3. it will combine with 2C intermediate compound
4. 2 Pyruvate + 2NAD+ -> 2 Acetyl CoA + 2CO2 + 2NADH

Question 3

what is the process of Krebs cycle?

Answer 3

1. acetyl coA (2C) combine with oxaloacetate (4C) to form citrate (6C)
2. citrate will undergo dehydrogenation and decarboxylation to form alpha-keto glutamate (5C)
3. each decarboxylation step will produce 1CO2
4. regeneration of oxaloacetate involves 3 dehydrogenation steps and 1 decarboxylation step
5. overall eqn (1 glucose): 2ADP + 6NAD+ 2FADH -> 6NADH + 2ATP + 2FADH2 + 4CO2

Question 4

where does oxidative phosphorylation occur at?

Answer 4

mitochondrion membrane

Question 5

what is the process of oxidative phosphorylation?

Answer 5

1. In the presence of O2, NADH & FADH2 transfer their high energy electrons to electron carriers of ETC & get oxidized in the process.
2. as electrons are passed down electron carriers of increasing electronegativity, energy released is coupled to H+ pumped from matrix to intermembrane space, generating a proton gradient
3. H+ protons diffuses through ATP synthase back into matrix, down the gradient by facilitated diffusion.
4. ADP is phosphorylated to form ATP via chemiosmosis
5. oxidation of NADH & FADH2 allows the regeneration of NAD+ and FAD, allowing them to pick up more electrons from KC, LR & glycolysis -> for these reactions to continue
6. O2 act as final e- acceptor at the end of ETC, combining w/ e- and h+ to form H2O
7. equation for 1 glucose: 10NADH x 2.5 + 2FADH2 x 1.5 = 28ATP

Question 6

comparison points of anaerobic respiration in human and yeast [5] (RLPPF)

Answer 6

[similarity]

reason for anaerobic + aerobic:
1. high DD for ATP due higher muscle contractions -> rapid increase in glycolysis -> rapidly deplete (limited) NAD+ -> oxidative phosphorylation is unable to regenerate NAD+ fast enough
2. aim: produce small amount of energy (2ATP) to at least cope w/ cellular processes & to regenerate NAD+ from NADH for glycolysis to continue

[differences]

location:
1. human: muscle cell cytosol
2. yeast: yeast cell cytosol

process:
1. human: pyruvate is reduced by e- from NADH, catalyzed by lactate dehydrogenase to lactate
(2 pyruvate -> 2 lactate + 2ATP)
2. yeast: pyruvate is converted to ethanol & CO2, which is catalyzed by pyruvate decarboxylase -> reduced by e- from NADH to ethanol catalyzed by alcohol dehydrogenase
(2 pyruvate -> ethanal + 2CO2 -> 2 ethanol + 2ATP)

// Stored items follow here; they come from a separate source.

subsection \<open>Reversing edges and paths\<close>

lemma inner_E_fun_upd:
  assumes "finite E" "e \<in> E"
  shows "inner_E E (f(e := a)) y = inner_E E f y + (a - f e) * y e"
proof -
  have "inner_E E (f(e := a)) y = a * y e + (\<Sum>d\<in>E - {e}. f d * y d)"
    unfolding inner_E_def using assms by (simp add: sum.remove)
  also have "\<dots> = inner_E E f y + (a - f e) * y e"
    unfolding inner_E_def using assms by (simp add: sum.remove algebra_simps)
  finally show ?thesis .
qed

lemma excess_reverse_edge:
  assumes "finite E" "is_orientation E src tgt Or" "e \<in> E" "Or e = (a, b)" "src e \<noteq> tgt e"
  shows "is_orientation E src tgt (Or(e := (b, a)))"
    and "excess E src tgt (chi_orient E src tgt (Or(e := (b, a)))) v
       = excess E src tgt (chi_orient E src tgt Or) v + 2 * of_bool (v = a) - 2 * of_bool (v = b)"
proof -
  have dir: "Or e = (src e, tgt e) \<or> Or e = (tgt e, src e)"
    using assms(2,3) unfolding is_orientation_def by auto
  then show "is_orientation E src tgt (Or(e := (b, a)))"
    using assms(2,4) unfolding is_orientation_def by auto
  have "chi_orient E src tgt (Or(e := (b, a)))
      = (chi_orient E src tgt Or)(e := - chi_orient E src tgt Or e)"
    using dir assms(3-5) unfolding chi_orient_def by (auto simp: fun_eq_iff)
  moreover have "chi_orient E src tgt Or e * vertex_cut E src tgt v e = of_bool (v = b) - of_bool (v = a)"
    using dir assms(3-5) unfolding chi_orient_def vertex_cut_def coboundary_def by auto
  ultimately show "excess E src tgt (chi_orient E src tgt (Or(e := (b, a)))) v
       = excess E src tgt (chi_orient E src tgt Or) v + 2 * of_bool (v = a) - 2 * of_bool (v = b)"
    unfolding excess_def by (simp add: inner_E_fun_upd[OF assms(1,3)] algebra_simps)
qed

fun walk :: "'e set \<Rightarrow> ('e \<Rightarrow> 'v \<times> 'v) \<Rightarrow> 'v \<Rightarrow> 'e list \<Rightarrow> 'v \<Rightarrow> bool" where
  "walk E Or u [] w \<longleftrightarrow> u = w"
| "walk E Or u (e # es) w \<longleftrightarrow> e \<in> E \<and> fst (Or e) = u \<and> walk E Or (snd (Or e)) es w"

lemma walk_snoc:
  "walk E Or u es x \<Longrightarrow> e \<in> E \<Longrightarrow> fst (Or e) = x \<Longrightarrow> walk E Or u (es @ [e]) (snd (Or e))"
  by (induction es arbitrary: u) auto

lemma walk_append_split:
  "walk E Or u (xs @ ys) w \<Longrightarrow> \<exists>m. walk E Or u xs m \<and> walk E Or m ys w"
  by (induction xs arbitrary: u) auto

text \<open>The last conclusion is only there to make the induction go through: when the first edge
of the walk is not used again, the rest of the walk can be reversed first without touching it.
A repeated first edge is removed by short-cutting the walk to its last occurrence.\<close>
lemma excess_reverse_walk:
  assumes "finite E" "\<And>e. e \<in> E \<Longrightarrow> src e \<noteq> tgt e"
    and "is_orientation E src tgt Or" "walk E Or u es w"
  shows "\<exists>Or'. is_orientation E src tgt Or' \<and>
    (\<forall>v. excess E src tgt (chi_orient E src tgt Or') v
       = excess E src tgt (chi_orient E src tgt Or) v + 2 * of_bool (v = u) - 2 * of_bool (v = w))
    \<and> (\<forall>d. d \<notin> set es \<longrightarrow> Or' d = Or d)"
  using assms(4)
proof (induction "length es" arbitrary: u es rule: less_induct)
  case less
  show ?case
  proof (cases es)
    case Nil
    then show ?thesis using less.prems by (intro exI[of _ Or]) (auto simp: assms(3))
  next
    case (Cons e es')
    have e: "e \<in> E" "fst (Or e) = u" and rest: "walk E Or (snd (Or e)) es' w"
      using less.prems Cons by auto
    show ?thesis
    proof (cases "e \<in> set es'")
      case True
      then obtain xs ys where xy: "es' = xs @ e # ys"
        by (meson split_list)
      then have "walk E Or u (e # ys) w"
        using walk_append_split[of E Or _ xs "e # ys" w] rest e(2) by auto
      moreover have "length (e # ys) < length es" "set (e # ys) \<subseteq> set es"
        using Cons xy by auto
      ultimately show ?thesis
        using less.hyps by blast
    next
      case False
      obtain Or1 where o1: "is_orientation E src tgt Or1"
        and ex1: "\<forall>v. excess E src tgt (chi_orient E src tgt Or1) v
           = excess E src tgt (chi_orient E src tgt Or) v
             + 2 * of_bool (v = snd (Or e)) - 2 * of_bool (v = w)"
        and same1: "\<forall>d. d \<notin> set es' \<longrightarrow> Or1 d = Or d"
        using less.hyps[of es' "snd (Or e)"] rest Cons by auto
      have "Or1 e = (u, snd (Or e))"
        using same1 False e(2) by (metis prod.collapse)
      note rev = excess_reverse_edge[OF assms(1) o1 e(1) this assms(2)[OF e(1)]]
      show ?thesis
        using rev ex1 same1 Cons by (intro exI[of _ "Or1(e := (snd (Or e), u))"]) auto
    qed
  qed
qed

lemma chi_orient_inner_closed_cut:
  assumes "is_orientation E src tgt Or"
    and "\<And>e. e \<in> E \<Longrightarrow> fst (Or e) \<in> R \<Longrightarrow> snd (Or e) \<in> R"
  defines "c \<equiv> coboundary E src tgt (\<lambda>x. of_bool (x \<in> R))"
  shows "inner_E E (chi_orient E src tgt Or) c = inner_E E c c"
  unfolding inner_E_def
proof (rule sum.cong)
  fix e assume e: "e \<in> E"
  then have "Or e = (src e, tgt e) \<or> Or e = (tgt e, src e)"
    using assms(1) unfolding is_orientation_def by auto
  then show "chi_orient E src tgt Or e * c e = c e * c e"
    using assms(2)[OF e] e unfolding chi_orient_def c_def coboundary_def
    by (cases "src e = tgt e") auto
qed simp

subsection \<open>Descent for a short characteristic covector\<close>

lemma sum_abs_shift_decrease:
  fixes d d' :: "'a \<Rightarrow> 'b::linordered_idom"
  assumes "finite V" "u \<in> V"
    and "\<And>v. d' v = d v - 2 * of_bool (v = u) + 2 * of_bool (v = w)"
    and "2 \<le> d u" "d w \<le> -2"
  shows "(\<Sum>v\<in>V. \<bar>d' v\<bar>) + 2 \<le> (\<Sum>v\<in>V. \<bar>d v\<bar>)"
proof -
  have "u \<noteq> w"
    using assms(4,5) by auto
  then have "\<bar>d' v\<bar> + (if v = u then 2 else 0) \<le> \<bar>d v\<bar>" for v
    using assms(3)[of v] assms(4,5) by (cases "v = u"; cases "v = w") auto
  then have "(\<Sum>v\<in>V. \<bar>d' v\<bar> + (if v = u then 2 else 0)) \<le> (\<Sum>v\<in>V. \<bar>d v\<bar>)"
    by (rule sum_mono)
  then show ?thesis
    using assms(1,2) by (simp add: sum.distrib)
qed

context
  fixes V :: "'v set" and E :: "'e set" and src tgt :: "'e \<Rightarrow> 'v" and \<chi> :: "'e \<Rightarrow> rat"
  assumes finV: "finite V" and finE: "finite E"
    and inV: "\<And>e. e \<in> E \<Longrightarrow> src e \<in> V \<and> tgt e \<in> V"
    and loopless: "\<And>e. e \<in> E \<Longrightarrow> src e \<noteq> tgt e"
    and short: "\<chi> \<in> Short E (cut_lattice E src tgt)"
begin

definition defect :: "('e \<Rightarrow> 'v \<times> 'v) \<Rightarrow> 'v \<Rightarrow> rat" where
  "defect Or v = excess E src tgt \<chi> v - excess E src tgt (chi_orient E src tgt Or) v"

definition total_defect :: "('e \<Rightarrow> 'v \<times> 'v) \<Rightarrow> rat" where
  "total_defect Or = (\<Sum>v\<in>V. \<bar>defect Or v\<bar>)"

lemma defect_even:
  assumes "is_orientation E src tgt Or"
  shows "\<exists>k::int. defect Or v = 2 * of_int k"
proof -
  let ?d = "vertex_cut E src tgt v"
  have "\<chi> \<in> Char E (cut_lattice E src tgt)"
    using short unfolding Short_def by simp
  then have "\<forall>y\<in>cut_lattice E src tgt. \<exists>k::int. inner_E E \<chi> y - inner_E E y y = 2 * of_int k"
    unfolding Char_def by simp
  then have "\<exists>k::int. inner_E E \<chi> ?d - inner_E E ?d ?d = 2 * of_int k"
    using vertex_cut_in_cut_lattice by (rule bspec)
  then obtain k1 :: int where k1: "inner_E E \<chi> ?d - inner_E E ?d ?d = 2 * of_int k1" ..
  have "?d \<in> integral_chains E"
    using vertex_cut_in_cut_lattice[of E src tgt v] unfolding cut_lattice_def by blast
  then obtain k2 :: int
    where k2: "inner_E E (chi_orient E src tgt Or) ?d - inner_E E ?d ?d = 2 * of_int k2"
    using chi_orient_parity[OF assms] by blast
  have "defect Or v = 2 * of_int k1 - 2 * of_int k2"
    using k1 k2 unfolding defect_def excess_def by linarith
  then have "defect Or v = 2 * of_int (k1 - k2)"
    by simp
  then show ?thesis ..
qed
(* Let $\Omega\subseteq\mathbb{R}^n$ be open, $u:\Omega\to\mathbb{R}^N$ continuous, $x\in\Omega$, $\xi\in\mathbb{S}^{N-1}$, and let $\psi\in C^2(\mathbb{R}^n)^N$ be a second contact $\xi$-map of $u$ at $x$. Then there exists a second contact $\xi$-map $\hat\psi\in C^2(\mathbb{R}^n)^N$ of $u$ at $x$ with $\hat\psi(x)=\psi(x)$, $D\hat\psi(x)=D\psi(x)$, $D^2\hat\psi(x)=D^2\psi(x)$, and such that $\xi^\perp R_{2,x}\hat\psi\equiv0$, where $R_{2,x}\hat\psi(y):=\hat\psi(y)-\hat\psi(x)-D\hat\psi(x)(y-x)-\frac12D^2\hat\psi(x):(y-x)\otimes(y-x)$.
   Context: $\xi^\perp:=I-\xi\otimes\xi$. For $\mathbf{X}=(\mathbf{X}_{\alpha ij})$, $\mathbf{X}:w\otimes w$ has components $\sum_{ij}\mathbf{X}_{\alpha ij}w_iw_j$. Second contact $\xi$-map: $\psi\in C^2(\mathbb{R}^n)^N$ is a second contact $\xi$-map of $u$ at $x$ if $\psi(x)=u(x)$ and for every $L>0$ there is a neighbourhood of $x$ in $\Omega$ on which $|\xi^\perp(u-\psi)(y)|^2\le L^2|y-x|^2[-\xi^\top(u-\psi)(y)]$. *)

theory Defs
  imports "HOL-Analysis.Analysis"
begin

definition D1 :: "('a::euclidean_space \<Rightarrow> 'b::euclidean_space) \<Rightarrow> 'a \<Rightarrow> ('a \<Rightarrow>\<^sub>L 'b)" where
  "D1 f x = Blinfun (frechet_derivative f (at x))"

definition D2 :: "('a::euclidean_space \<Rightarrow> 'b::euclidean_space) \<Rightarrow> 'a \<Rightarrow> ('a \<Rightarrow>\<^sub>L ('a \<Rightarrow>\<^sub>L 'b))" where
  "D2 f x = Blinfun (frechet_derivative (D1 f) (at x))"

definition C2 :: "('a::euclidean_space \<Rightarrow> 'b::euclidean_space) \<Rightarrow> bool" where
  "C2 f \<longleftrightarrow> (\<forall>y. f differentiable (at y)) \<and> (\<forall>y. D1 f differentiable (at y))
            \<and> continuous_on UNIV (D2 f)"

definition perp :: "'b::euclidean_space \<Rightarrow> 'b \<Rightarrow> 'b" where
  "perp \<xi> v = v - (\<xi> \<bullet> v) *\<^sub>R \<xi>"

definition second_contact_map ::
  "('a::euclidean_space) set \<Rightarrow> ('a \<Rightarrow> 'b::euclidean_space) \<Rightarrow> 'a \<Rightarrow> 'b \<Rightarrow> ('a \<Rightarrow> 'b) \<Rightarrow> bool" where
  "second_contact_map \<Omega> u x \<xi> \<psi> \<longleftrightarrow> C2 \<psi> \<and> \<psi> x = u x \<and>
     (\<forall>L>0. \<exists>r>0. \<forall>y\<in>\<Omega> \<inter> ball x r.
        (norm (perp \<xi> (u y - \<psi> y)))\<^sup>2 \<le> L\<^sup>2 * (norm (y - x))\<^sup>2 * (- (\<xi> \<bullet> (u y - \<psi> y))))"

definition R2 :: "('a::euclidean_space \<Rightarrow> 'b::euclidean_space) \<Rightarrow> 'a \<Rightarrow> 'a \<Rightarrow> 'b" where
  "R2 f x y = f y - f x - blinfun_apply (D1 f x) (y - x)
              - (1/2) *\<^sub>R blinfun_apply (blinfun_apply (D2 f x) (y - x)) (y - x)"

end

theory Submission
  imports Defs
begin

(* Let R be the second-order Taylor remainder of \<psi> at x, and suppose g is C^2, vanishes to
   second order at x and satisfies |R y|^2 = o(|y - x|^2 g y).  Then \<psi>h = \<psi> + g \<xi> - \<xi>^perp R
   has the same 2-jet as \<psi>, its remainder R + g \<xi> - \<xi>^perp R is parallel to \<xi>, and
   u - \<psi>h = (u - \<psi>) + (\<xi>^perp R - g \<xi>) is a sum of two maps satisfying the contact inequality,
   a condition that is stable under sums.  To build g, write |R y| <= w (|y - x|) |y - x|^2 for a
   modulus w with w t / t nonincreasing; then w (|t|) is continuous, integrating it twice gives an
   even C^2 function G >= t^2 w (|t|) / 6, and g y is the sum of G over the coordinates of y - x. *)

section \<open>C^2 maps with explicit derivatives\<close>

(* D1 and D2 are defined by choice; carrying the derivatives explicitly lets the closure rules
   below compute them. *)
definition has_C2_derivs ::
  "('a::euclidean_space \<Rightarrow> 'b::euclidean_space) \<Rightarrow> ('a \<Rightarrow> ('a \<Rightarrow>\<^sub>L 'b))
     \<Rightarrow> ('a \<Rightarrow> ('a \<Rightarrow>\<^sub>L ('a \<Rightarrow>\<^sub>L 'b))) \<Rightarrow> bool" where
  "has_C2_derivs f f' f'' \<longleftrightarrow>
     (\<forall>y. (f has_derivative blinfun_apply (f' y)) (at y)) \<and>
     (\<forall>y. (f' has_derivative blinfun_apply (f'' y)) (at y)) \<and> continuous_on UNIV f''"

lemma has_C2_derivs_D1:
  assumes "has_C2_derivs f f' f''"
  shows "D1 f = f'"
proof
  fix y
  from assms have "(f has_derivative blinfun_apply (f' y)) (at y)"
    by (simp add: has_C2_derivs_def)
  then have "frechet_derivative f (at y) = blinfun_apply (f' y)"
    by (rule frechet_derivative_at[symmetric])
  then show "D1 f y = f' y"
    by (simp add: D1_def blinfun_apply_inverse)
qed

lemma has_C2_derivs_D2:
  assumes "has_C2_derivs f f' f''"
  shows "D2 f = f''"
proof
  fix y
  from assms have "(f' has_derivative blinfun_apply (f'' y)) (at y)"
    by (simp add: has_C2_derivs_def)
  then have "frechet_derivative f' (at y) = blinfun_apply (f'' y)"
    by (rule frechet_derivative_at[symmetric])
  then show "D2 f y = f'' y"
    by (simp add: D2_def has_C2_derivs_D1[OF assms] blinfun_apply_inverse)
qed

lemma has_C2_derivs_imp_C2:
  assumes "has_C2_derivs f f' f''"
  shows "C2 f"
  using assms unfolding C2_def has_C2_derivs_D1[OF assms] has_C2_derivs_D2[OF assms]
  unfolding has_C2_derivs_def differentiable_def by blast

lemma C2_imp_has_C2_derivs:
  assumes "C2 f"
  shows "has_C2_derivs f (D1 f) (D2 f)"
proof -
  have "(f has_derivative blinfun_apply (D1 f y)) (at y)" for y
  proof -
    have "(f has_derivative frechet_derivative f (at y)) (at y)"
      using assms frechet_derivative_works unfolding C2_def by blast
    then show ?thesis
      by (simp add: D1_def bounded_linear_Blinfun_apply has_derivative_bounded_linear)
  qed
  moreover have "(D1 f has_derivative blinfun_apply (D2 f y)) (at y)" for y
  proof -
    have "(D1 f has_derivative frechet_derivative (D1 f) (at y)) (at y)"
      using assms frechet_derivative_works unfolding C2_def by blast
    then show ?thesis
      by (simp add: D2_def bounded_linear_Blinfun_apply has_derivative_bounded_linear)
  qed
  ultimately show ?thesis
    using assms unfolding has_C2_derivs_def C2_def by blast
qed

lemma has_C2_derivs_const: "has_C2_derivs (\<lambda>y. c) (\<lambda>y. 0) (\<lambda>y. 0)"
  unfolding has_C2_derivs_def by (auto intro!: derivative_eq_intros continuous_intros)

lemma has_C2_derivs_affine: "has_C2_derivs (\<lambda>y. blinfun_apply A (y - x)) (\<lambda>y. A) (\<lambda>y. 0)"
  unfolding has_C2_derivs_def by (auto intro!: derivative_eq_intros continuous_intros)

lemma has_C2_derivs_add:
  assumes "has_C2_derivs f f' f''" "has_C2_derivs g g' g''"
  shows "has_C2_derivs (\<lambda>y. f y + g y) (\<lambda>y. f' y + g' y) (\<lambda>y. f'' y + g'' y)"
  using assms unfolding has_C2_derivs_def
  by (auto simp: plus_blinfun.rep_eq intro!: has_derivative_add continuous_intros)

lemma has_C2_derivs_diff:
  assumes "has_C2_derivs f f' f''" "has_C2_derivs g g' g''"
  shows "has_C2_derivs (\<lambda>y. f y - g y) (\<lambda>y. f' y - g' y) (\<lambda>y. f'' y - g'' y)"
  using assms unfolding has_C2_derivs_def
  by (auto simp: minus_blinfun.rep_eq intro!: has_derivative_diff continuous_intros)

lemma has_C2_derivs_scaleR:
  assumes "has_C2_derivs f f' f''"
  shows "has_C2_derivs (\<lambda>y. c *\<^sub>R f y) (\<lambda>y. c *\<^sub>R f' y) (\<lambda>y. c *\<^sub>R f'' y)"
  using assms unfolding has_C2_derivs_def
  by (auto simp: scaleR_blinfun.rep_eq intro!: has_derivative_scaleR_right continuous_intros)

lemma has_C2_derivs_blinfun:
  fixes T :: "'b::euclidean_space \<Rightarrow>\<^sub>L 'c::euclidean_space"
  assumes "has_C2_derivs f f' f''"
  shows "has_C2_derivs (\<lambda>y. blinfun_apply T (f y)) (\<lambda>y. T o\<^sub>L f' y)
           (\<lambda>y. Blinfun (\<lambda>A. T o\<^sub>L A) o\<^sub>L f'' y)"
proof -
  have compose: "bounded_linear (\<lambda>A::'a \<Rightarrow>\<^sub>L 'b. T o\<^sub>L A)"
    by (rule bounded_bilinear.bounded_linear_right[OF bounded_bilinear_blinfun_compose])
  have "((\<lambda>y. blinfun_apply T (f y)) has_derivative
      (\<lambda>h. blinfun_apply T (blinfun_apply (f' y) h))) (at y)" for y
    using assms unfolding has_C2_derivs_def
    by (intro bounded_linear.has_derivative[OF blinfun.bounded_linear_right]) auto
  then have "((\<lambda>y. blinfun_apply T (f y)) has_derivative blinfun_apply (T o\<^sub>L f' y)) (at y)" for y
    by (simp add: blinfun_compose.rep_eq o_def)
  moreover have "((\<lambda>y. T o\<^sub>L f' y) has_derivative
      (\<lambda>h. T o\<^sub>L blinfun_apply (f'' y) h)) (at y)" for y
    using assms unfolding has_C2_derivs_def
    by (intro bounded_linear.has_derivative[OF compose]) auto
  then have "((\<lambda>y. T o\<^sub>L f' y) has_derivative
      blinfun_apply (Blinfun (\<lambda>A. T o\<^sub>L A) o\<^sub>L f'' y)) (at y)" for y
    by (simp add: bounded_linear_Blinfun_apply[OF compose] blinfun_compose.rep_eq o_def)
  moreover have "continuous_on UNIV (\<lambda>y. Blinfun (\<lambda>A. T o\<^sub>L A) o\<^sub>L f'' y)"
    using assms unfolding has_C2_derivs_def by (auto intro: continuous_intros)
  ultimately show ?thesis
    unfolding has_C2_derivs_def by blast
qed

lemma has_C2_derivs_quadratic:
  assumes sym: "\<And>h k. blinfun_apply (blinfun_apply B h) k = blinfun_apply (blinfun_apply B k) h"
  shows "has_C2_derivs (\<lambda>y. blinfun_apply (blinfun_apply B (y - x)) (y - x))
           (\<lambda>y. 2 *\<^sub>R blinfun_apply B (y - x)) (\<lambda>y. 2 *\<^sub>R B)"
  unfolding has_C2_derivs_def
proof (intro conjI allI)
  fix y
  have "((\<lambda>y. blinfun_apply (blinfun_apply B (y - x)) (y - x)) has_derivative
      (\<lambda>h. blinfun_apply (blinfun_apply B (y - x)) h
        + blinfun_apply (blinfun_apply B h) (y - x))) (at y)"
    by (auto intro!: derivative_eq_intros)
  then show "((\<lambda>y. blinfun_apply (blinfun_apply B (y - x)) (y - x)) has_derivative
      blinfun_apply (2 *\<^sub>R blinfun_apply B (y - x))) (at y)"
    by (simp add: sym[of _ "y - x"] scaleR_2 plus_blinfun.rep_eq)
  show "((\<lambda>y. 2 *\<^sub>R blinfun_apply B (y - x)) has_derivative blinfun_apply (2 *\<^sub>R B)) (at y)"
    by (auto simp: scaleR_blinfun.rep_eq intro!: derivative_eq_intros)
qed (auto intro: continuous_intros)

impacts & fate of products:
1. human: lactic acid accumulates in the muscle cell faster than it is being removed -> cause muscle fatigue
lactate will be transported from muscle cells to liver by bloodstream -> convert back to private -> to enter link reaction + krebs cycle -> generate more atp
2. yeast: wine & beer fermentation

final e- acceptor:
1. human: pyruvate
2. yeast: ethanol

Question 7

what is the process of glycolysis?

Answer 7

P- phosphorylation of glucose

1. 2 ATP is invested to undergo phosphorylation and make glucose more reactive and committed to glycolysis
2. 2ATP + C6H12O6 -> 2ADP + fructose 1,6-biphosphate

L- lysis
1. phosphorylated glucose lyses to form 2 glyceraldehyde-3-phosphate (G3P)
2. fructose 1,6-biphosphate -> 2G3P

O- oxidation by dehydrogenation
1. 1 G3P will oxidise by dehydrogenation and phosphorylation
2. G3P + Pi + NAD+ -> 1,3 biphosphoglycerate + NADH

S- substrate level phosphorylation
1. dephosphorylate to form ATP & glycerate phosphate
2. glycerate phosphate form pyruvate
3. 1,3 biphosphoglycerate + ADP -> GP+ATP; GP +ADP -> pyruvate + ATP

OVERALL: 1 glucose + 2ATP + 2ADP + 2NAD+ -> 2 pyruvate + 2ATP + 2NADH

Question 8

Location of Glycolysis?

Location of Link Rxn

Location of Kreb’s Cycle?

Answer 8

Glycolysis: Cytosol

Link Rxn & Kreb’s Cycle: Mitochondrion Matrix (singular)

Question 9

Describe the Kreb Cycle and its components [4]

Answer 9

Acetyl CoA (2C) formed through link reaction combines with oxaloacetate (4C) to form citrate (6C)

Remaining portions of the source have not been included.